Un nouveau vaccin contre la parvovirose vient d'arriver sur le marché : le Nobivac® DP plus. Il s'agit d'un vaccin vivant atténué recombinant. La souche vaccinale CPV-2 154 a été modifiée génétiquement pour exprimer la protéine de capside d'un virus circulant de type CPV-2c. Il s'agit donc d'un virus ayant les caractéristiques d'une souche vaccinale CPV-2, mais exprimant une protéine de capside CPV-2c. L'efficacité vaccinale a été validée par une épreuve virulente réalisée sur des chiots de quatre semaines n'ayant pas d'AOM. Dans cette étude, la protection clinique est observée dès trois jours après la vaccination.

L'intérêt de ce vaccin réside dans le fait qu'il induit une séroconversion même en présence d'AOM à des titres élevés (données EPAR) et qu'il réduit donc la fenêtre de sensibilité. L'étude expérimentale, réalisée sur onze chiots de quatre semaines nés de mères vaccinées, a montré une séroconversion de 100 % des chiots dans les 52 jours qui ont suivi la vaccination. Sept des onze chiots ont montré une séroconversion précoce dès 21 jours post vaccination, les quatre autres ayant répondu plus tardivement. Il est possible que ces chiots aient été vaccinés indirectement et donc, plus tardivement, par les chiots hébergés dans la même enceinte et excréteurs de la souche vaccinale.

Dans une étude terrain, sur 87 chiots de races différentes, âgés de 4 à 6 semaines, 79 (91 %) ont présenté une séroconversion 21 jours après la vaccination (la séroconversion a été définie comme une augmentation de 25 % du titre en anticorps par rapport au titre mesuré à J-3 avant la vaccination).

Ce vaccin semble donc immunogène même en présence d'AOM. Il faut cependant noter que dans les études disponibles, il n'y a pas d'information sur la composition des vaccins utilisées pour les chiennes. Il est très probable qu'elles aient été vaccinées avec un vaccin contenant une souche CPV-2 ou CPV-2b, qui sont les souches vaccinales utilisées dans les vaccins actuellement commercialisés. Il sera important de vérifier si l'immunogénicité de ce vaccin recombinant restera similaire si les reproductrices ont été vaccinées avec un vaccin CPV-2c.

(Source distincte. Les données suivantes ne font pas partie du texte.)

(* Let $G$ be a partial cube and let $f$ be a $\Theta$-graceful labeling of $G$. Let $C$ be an isometric $4$-cycle of $G$. Then for every two edges $xy$ and $uv$ of $C$ with $xy\,\Theta\,uv$, the following holds: $$d(x,u) < d(x,v) \ \Rightarrow\ f(x)+f(v) = f(y)+f(u),$$ where $d$ denotes the shortest-path distance in $G$.
   Context: A subgraph $H$ of a graph $G$ is isometric if $d_H(u,v)=d_G(u,v)$ for all vertices $u,v$ of $H$. A partial cube is a graph isomorphic to an isometric subgraph of some hypercube $Q_d$ (vertices: binary $d$-tuples, adjacent iff they differ in exactly one coordinate). The Djoković–Winkler relation $\Theta$ on the edges of $G$: edges $xy$ and $uv$ satisfy $xy\,\Theta\,uv$ iff $d(x,u)+d(y,v)\neq d(x,v)+d(y,u)$. On a partial cube $\Theta$ is an equivalence relation; its classes are called $\Theta$-classes. For a partial cube $G$ on $n$ vertices, a bijection $f:V(G)\to\{0,1,\ldots,n-1\}$ is a $\Theta$-graceful labeling if, labeling each edge $xy$ by $|f(x)-f(y)|$, all edges in the same $\Theta$-class receive the same label and distinct $\Theta$-classes receive distinct labels. *)

theory Defs
  imports Main
begin

definition simple_graph :: "'a set \<Rightarrow> ('a \<Rightarrow> 'a \<Rightarrow> bool) \<Rightarrow> bool" where
  "simple_graph V E \<longleftrightarrow> finite V \<and> (\<forall>u v. E u v \<longrightarrow> u \<in> V \<and> v \<in> V \<and> u \<noteq> v \<and> E v u)"

definition walk :: "'a set \<Rightarrow> ('a \<Rightarrow> 'a \<Rightarrow> bool) \<Rightarrow> 'a list \<Rightarrow> bool" where
  "walk V E p \<longleftrightarrow> p \<noteq> [] \<and> set p \<subseteq> V \<and> (\<forall>i. Suc i < length p \<longrightarrow> E (p ! i) (p ! Suc i))"

definition dist :: "'a set \<Rightarrow> ('a \<Rightarrow> 'a \<Rightarrow> bool) \<Rightarrow> 'a \<Rightarrow> 'a \<Rightarrow> nat" where
  "dist V E u v = (LEAST n. \<exists>p. walk V E p \<and> hd p = u \<and> last p = v \<and> length p = Suc n)"

definition isometric_subgraph ::
  "'a set \<Rightarrow> ('a \<Rightarrow> 'a \<Rightarrow> bool) \<Rightarrow> 'a set \<Rightarrow> ('a \<Rightarrow> 'a \<Rightarrow> bool) \<Rightarrow> bool" where
  "isometric_subgraph V E W F \<longleftrightarrow> W \<subseteq> V \<and> (\<forall>u v. F u v \<longrightarrow> u \<in> W \<and> v \<in> W \<and> E u v)
     \<and> (\<forall>u\<in>W. \<forall>v\<in>W. dist W F u v = dist V E u v)"

definition cube_verts :: "nat \<Rightarrow> bool list set" where
  "cube_verts d = {xs. length xs = d}"

definition cube_adj :: "nat \<Rightarrow> bool list \<Rightarrow> bool list \<Rightarrow> bool" where
  "cube_adj d xs ys \<longleftrightarrow> xs \<in> cube_verts d \<and> ys \<in> cube_verts d
     \<and> card {i. i < d \<and> xs ! i \<noteq> ys ! i} = 1"

definition partial_cube :: "'a set \<Rightarrow> ('a \<Rightarrow> 'a \<Rightarrow> bool) \<Rightarrow> bool" where
  "partial_cube V E \<longleftrightarrow> simple_graph V E \<and>
     (\<exists>d (\<phi> :: 'a \<Rightarrow> bool list). inj_on \<phi> V \<and>
        isometric_subgraph (cube_verts d) (cube_adj d) (\<phi> ` V)
          (\<lambda>a b. \<exists>u\<in>V. \<exists>v\<in>V. a = \<phi> u \<and> b = \<phi> v \<and> E u v))"

definition Theta :: "'a set \<Rightarrow> ('a \<Rightarrow> 'a \<Rightarrow> bool) \<Rightarrow> 'a \<times> 'a \<Rightarrow> 'a \<times> 'a \<Rightarrow> bool" where
  "Theta V E e e' = (case (e, e') of ((x, y), (u, v)) \<Rightarrow>
     dist V E x u + dist V E y v \<noteq> dist V E x v + dist V E y u)"

text \<open>Theta-graceful labeling: bijection onto {0..n-1}; two edges get the same label
  iff they lie in the same Theta-class (i.e. are Theta-related, Theta being an
  equivalence on partial cubes).\<close>
definition theta_graceful :: "'a set \<Rightarrow> ('a \<Rightarrow> 'a \<Rightarrow> bool) \<Rightarrow> ('a \<Rightarrow> nat) \<Rightarrow> bool" where
  "theta_graceful V E f \<longleftrightarrow> bij_betw f V {0..<card V} \<and>
     (\<forall>x y u v. E x y \<longrightarrow> E u v \<longrightarrow>
        (Theta V E (x, y) (u, v) \<longleftrightarrow> \<bar>int (f x) - int (f y)\<bar> = \<bar>int (f u) - int (f v)\<bar>))"

definition cyc4_adj :: "'a \<Rightarrow> 'a \<Rightarrow> 'a \<Rightarrow> 'a \<Rightarrow> 'a \<Rightarrow> 'a \<Rightarrow> bool" where
  "cyc4_adj c0 c1 c2 c3 a b \<longleftrightarrow>
     {a, b} = {c0, c1} \<or> {a, b} = {c1, c2} \<or> {a, b} = {c2, c3} \<or> {a, b} = {c3, c0}"

definition isometric_4cycle :: "'a set \<Rightarrow> ('a \<Rightarrow> 'a \<Rightarrow> bool) \<Rightarrow> 'a \<Rightarrow> 'a \<Rightarrow> 'a \<Rightarrow> 'a \<Rightarrow> bool" where
  "isometric_4cycle V E c0 c1 c2 c3 \<longleftrightarrow> distinct [c0, c1, c2, c3] \<and>
     isometric_subgraph V E {c0, c1, c2, c3} (cyc4_adj c0 c1 c2 c3)"

end

theory Submission
  imports Defs
begin

text \<open>In an isometric 4-cycle \<open>c\<^sub>0c\<^sub>1c\<^sub>2c\<^sub>3\<close> the distances are those of the cycle itself, so opposite
  edges are \<open>\<Theta>\<close>-related and adjacent ones are not. A \<open>\<Theta>\<close>-graceful labeling therefore gives
  both pairs of opposite edges equal label differences, and injectivity of the labeling
  rules out the "crossed" solution, leaving \<open>f c\<^sub>0 + f c\<^sub>2 = f c\<^sub>1 + f c\<^sub>3\<close>. The hypothesis
  \<open>d(x,u) < d(x,v)\<close> fixes the orientation of two \<open>\<Theta>\<close>-related edges, which turns this identity
  into the claim.\<close>

lemma dist_le_walk_length:
  assumes "walk V E p" "hd p = u" "last p = v"
  shows "dist V E u v \<le> length p - 1"
  unfolding dist_def
  by (rule Least_le) (use assms in \<open>auto simp: walk_def intro!: exI[of _ p]\<close>)

lemma dist_attained:
  assumes "walk V E p" "hd p = u" "last p = v"
  obtains q where "walk V E q" "hd q = u" "last q = v" "length q = Suc (dist V E u v)"
proof -
  have "\<exists>n p. walk V E p \<and> hd p = u \<and> last p = v \<and> length p = Suc n"
    using assms by (intro exI[of _ "length p - 1"] exI[of _ p]) (auto simp: walk_def)
  then have "\<exists>q. walk V E q \<and> hd q = u \<and> last q = v \<and> length q = Suc (dist V E u v)"
    unfolding dist_def by (rule LeastI_ex)
  with that show ?thesis by blast
qed

lemma dist_eq_0_imp_eq:
  assumes "walk V E p" "hd p = u" "last p = v" "dist V E u v = 0"
  shows "u = v"
proof -
  obtain q where "hd q = u" "last q = v" "length q = Suc (dist V E u v)"
    using dist_attained[OF assms(1-3)] by blast
  with assms(4) show ?thesis by (cases q) auto
qed

lemma dist_eq_1_imp_adj:
  assumes "walk V E p" "hd p = u" "last p = v" "dist V E u v = 1"
  shows "E u v"
proof -
  obtain q where q: "walk V E q" "hd q = u" "last q = v" "length q = Suc (dist V E u v)"
    using dist_attained[OF assms(1-3)] by blast
  with assms(4) obtain a b where "q = [a, b]"
    by (cases q; cases "tl q") auto
  with q show ?thesis unfolding walk_def by auto
qed

lemma dist_self:
  assumes "a \<in> V"
  shows "dist V E a a = 0"
  using dist_le_walk_length[of V E "[a]"] assms by (simp add: walk_def)

lemma dist_eq_1_if_adj:
  assumes "a \<in> V" "b \<in> V" "E a b" "a \<noteq> b"
  shows "dist V E a b = 1"
proof -
  have walk: "walk V E [a, b]"
    using assms by (auto simp: walk_def less_Suc_eq)
  show ?thesis
    using dist_le_walk_length[OF walk] dist_eq_0_imp_eq[OF walk] assms(4) by fastforce
qed

lemma dist_eq_2_if_path:
  assumes "a \<in> V" "b \<in> V" "c \<in> V" "E a b" "E b c" "a \<noteq> c" "\<not> E a c"
  shows "dist V E a c = 2"
proof -
  have walk: "walk V E [a, b, c]"
    using assms by (auto simp: walk_def less_Suc_eq nth_Cons split: nat.splits)
  show ?thesis
    using dist_le_walk_length[OF walk] dist_eq_0_imp_eq[OF walk] dist_eq_1_imp_adj[OF walk]
      assms(6,7) by fastforce
qed

lemma isometric_4cycle_in_graph:
  assumes "isometric_4cycle V E c0 c1 c2 c3"
  shows "{c0, c1, c2, c3} \<subseteq> V" and "cyc4_adj c0 c1 c2 c3 a b \<Longrightarrow> E a b"
  using assms unfolding isometric_4cycle_def isometric_subgraph_def by auto

lemma isometric_4cycle_dist:
  assumes "isometric_4cycle V E c0 c1 c2 c3"
  shows "dist V E c0 c0 = 0" "dist V E c1 c1 = 0" "dist V E c2 c2 = 0" "dist V E c3 c3 = 0"
    "dist V E c0 c1 = 1" "dist V E c1 c0 = 1" "dist V E c1 c2 = 1" "dist V E c2 c1 = 1"
    "dist V E c2 c3 = 1" "dist V E c3 c2 = 1" "dist V E c3 c0 = 1" "dist V E c0 c3 = 1"
    "dist V E c0 c2 = 2" "dist V E c2 c0 = 2" "dist V E c1 c3 = 2" "dist V E c3 c1 = 2"
proof -
  let ?W = "{c0, c1, c2, c3}"
  let ?F = "cyc4_adj c0 c1 c2 c3"
  have distinct: "distinct [c0, c1, c2, c3]"
    and isometric: "\<And>a b. a \<in> ?W \<Longrightarrow> b \<in> ?W \<Longrightarrow> dist V E a b = dist ?W ?F a b"
    using assms unfolding isometric_4cycle_def isometric_subgraph_def by auto
  have adj: "?F c0 c1" "?F c1 c0" "?F c1 c2" "?F c2 c1" "?F c2 c3" "?F c3 c2" "?F c3 c0" "?F c0 c3"
    by (auto simp: cyc4_adj_def)
  have nonadj: "\<not> ?F c0 c2" "\<not> ?F c2 c0" "\<not> ?F c1 c3" "\<not> ?F c3 c1"
    using distinct by (auto simp: cyc4_adj_def doubleton_eq_iff)
  show "dist V E c0 c0 = 0" "dist V E c1 c1 = 0" "dist V E c2 c2 = 0" "dist V E c3 c3 = 0"
    by (simp_all add: isometric dist_self)
  have dist_adjacent: "dist V E a b = Suc 0" if "a \<in> ?W" "b \<in> ?W" "?F a b" "a \<noteq> b" for a b
    using isometric[OF that(1,2)] dist_eq_1_if_adj[of a ?W b ?F, OF that] by simp
  show "dist V E c0 c1 = 1" "dist V E c1 c0 = 1" "dist V E c1 c2 = 1" "dist V E c2 c1 = 1"
    "dist V E c2 c3 = 1" "dist V E c3 c2 = 1" "dist V E c3 c0 = 1" "dist V E c0 c3 = 1"
    using distinct adj by (auto intro!: dist_adjacent)
  show "dist V E c0 c2 = 2" "dist V E c2 c0 = 2" "dist V E c1 c3 = 2" "dist V E c3 c1 = 2"
    using distinct adj nonadj
      dist_eq_2_if_path[of c0 ?W c1 c2 ?F] dist_eq_2_if_path[of c2 ?W c1 c0 ?F]
      dist_eq_2_if_path[of c1 ?W c2 c3 ?F] dist_eq_2_if_path[of c3 ?W c2 c1 ?F]
    by (auto simp: isometric)
qed

lemma isometric_4cycle_Theta_opposite_edges:
  assumes "isometric_4cycle V E c0 c1 c2 c3"
  shows "Theta V E (c0, c1) (c3, c2)" and "Theta V E (c0, c3) (c1, c2)"
  by (simp_all add: Theta_def isometric_4cycle_dist[OF assms])

text \<open>The two solutions of the absolute-value equations are \<open>a + c = b + d\<close> and \<open>b = d\<close>.\<close>

lemma abs_diff_opposite_eq_imp_diagonal_sums_eq:
  fixes a b c d :: int
  assumes "\<bar>a - b\<bar> = \<bar>d - c\<bar>" "\<bar>a - d\<bar> = \<bar>b - c\<bar>" "b \<noteq> d"
  shows "a + c = b + d"
  using assms by (auto simp: abs_if split: if_splits)

lemma theta_graceful_isometric_4cycle_diagonal_sums:
  assumes graceful: "theta_graceful V E f" and cycle: "isometric_4cycle V E c0 c1 c2 c3"
  shows "f c0 + f c2 = f c1 + f c3"
proof -
  note adj = isometric_4cycle_in_graph(2)[OF cycle, unfolded cyc4_adj_def]
  have labels: "\<lbrakk>E x y; E u v; Theta V E (x, y) (u, v)\<rbrakk> \<Longrightarrow>
      \<bar>int (f x) - int (f y)\<bar> = \<bar>int (f u) - int (f v)\<bar>" for x y u v
    using graceful unfolding theta_graceful_def by blast
  have "f c1 \<noteq> f c3"
    using graceful isometric_4cycle_in_graph(1)[OF cycle] cycle
    unfolding theta_graceful_def bij_betw_def inj_on_def isometric_4cycle_def by auto
  moreover have "\<bar>int (f c0) - int (f c1)\<bar> = \<bar>int (f c3) - int (f c2)\<bar>"
    by (rule labels[OF adj adj isometric_4cycle_Theta_opposite_edges(1)[OF cycle]]) auto
  moreover have "\<bar>int (f c0) - int (f c3)\<bar> = \<bar>int (f c1) - int (f c2)\<bar>"
    by (rule labels[OF adj adj isometric_4cycle_Theta_opposite_edges(2)[OF cycle]]) auto
  ultimately show ?thesis
    using abs_diff_opposite_eq_imp_diagonal_sums_eq by fastforce
qed

lemma cyc4_adj_iff:
  "cyc4_adj c0 c1 c2 c3 x y \<longleftrightarrow>
    (x, y) \<in> {(c0, c1), (c1, c0), (c1, c2), (c2, c1), (c2, c3), (c3, c2), (c3, c0), (c0, c3)}"
  by (auto simp: cyc4_adj_def doubleton_eq_iff)

lemma isometric_4cycle_Theta_oriented_cases:
  assumes "isometric_4cycle V E c0 c1 c2 c3"
    and "cyc4_adj c0 c1 c2 c3 x y" "cyc4_adj c0 c1 c2 c3 u v"
    and "Theta V E (x, y) (u, v)" "dist V E x u < dist V E x v"
  shows "(x = u \<and> y = v) \<or> ({x, v} = {c0, c2} \<and> {y, u} = {c1, c3})
    \<or> ({x, v} = {c1, c3} \<and> {y, u} = {c0, c2})"
  using assms(2,3) unfolding cyc4_adj_iff
  by (elim insertE emptyE)
    (use assms(4,5) isometric_4cycle_dist[OF assms(1)] in \<open>simp_all add: Theta_def insert_commute\<close>)

theorem lemma1:
  fixes V :: "'a set" and E :: "'a \<Rightarrow> 'a \<Rightarrow> bool" and f :: "'a \<Rightarrow> nat"
    and c0 c1 c2 c3 x y u v :: 'a
  assumes "partial_cube V E"
    and "theta_graceful V E f"
    and "isometric_4cycle V E c0 c1 c2 c3"
    and "cyc4_adj c0 c1 c2 c3 x y"
    and "cyc4_adj c0 c1 c2 c3 u v"
    and "Theta V E (x, y) (u, v)"
    and "dist V E x u < dist V E x v"
  shows "f x + f v = f y + f u"
proof -
  have "f c0 + f c2 = f c1 + f c3"
    using assms(2,3) by (rule theta_graceful_isometric_4cycle_diagonal_sums)
  with isometric_4cycle_Theta_oriented_cases[OF assms(3-7)] show ?thesis
    by (auto simp: doubleton_eq_iff)
qed

end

A ce jour, la durée d'immunité induite par ce vaccin n'a pas été évaluée au-delà d'une période de deux mois. Ce vaccin, réservé aux très jeunes chiots à partir de quatre semaines d'âge, est à proposer aussi bien dans les élevages que chez des particuliers. D'après les recommandations du fabriquant et en l'absence de données complémentaires, il est nécessaire de re-vacciner les chiots en suivant un protocole classique à 12 et 16 semaines d'âge. Il faut également noter qu'il n'est pas recommandé de l'utiliser simultanément avec le vaccin L4.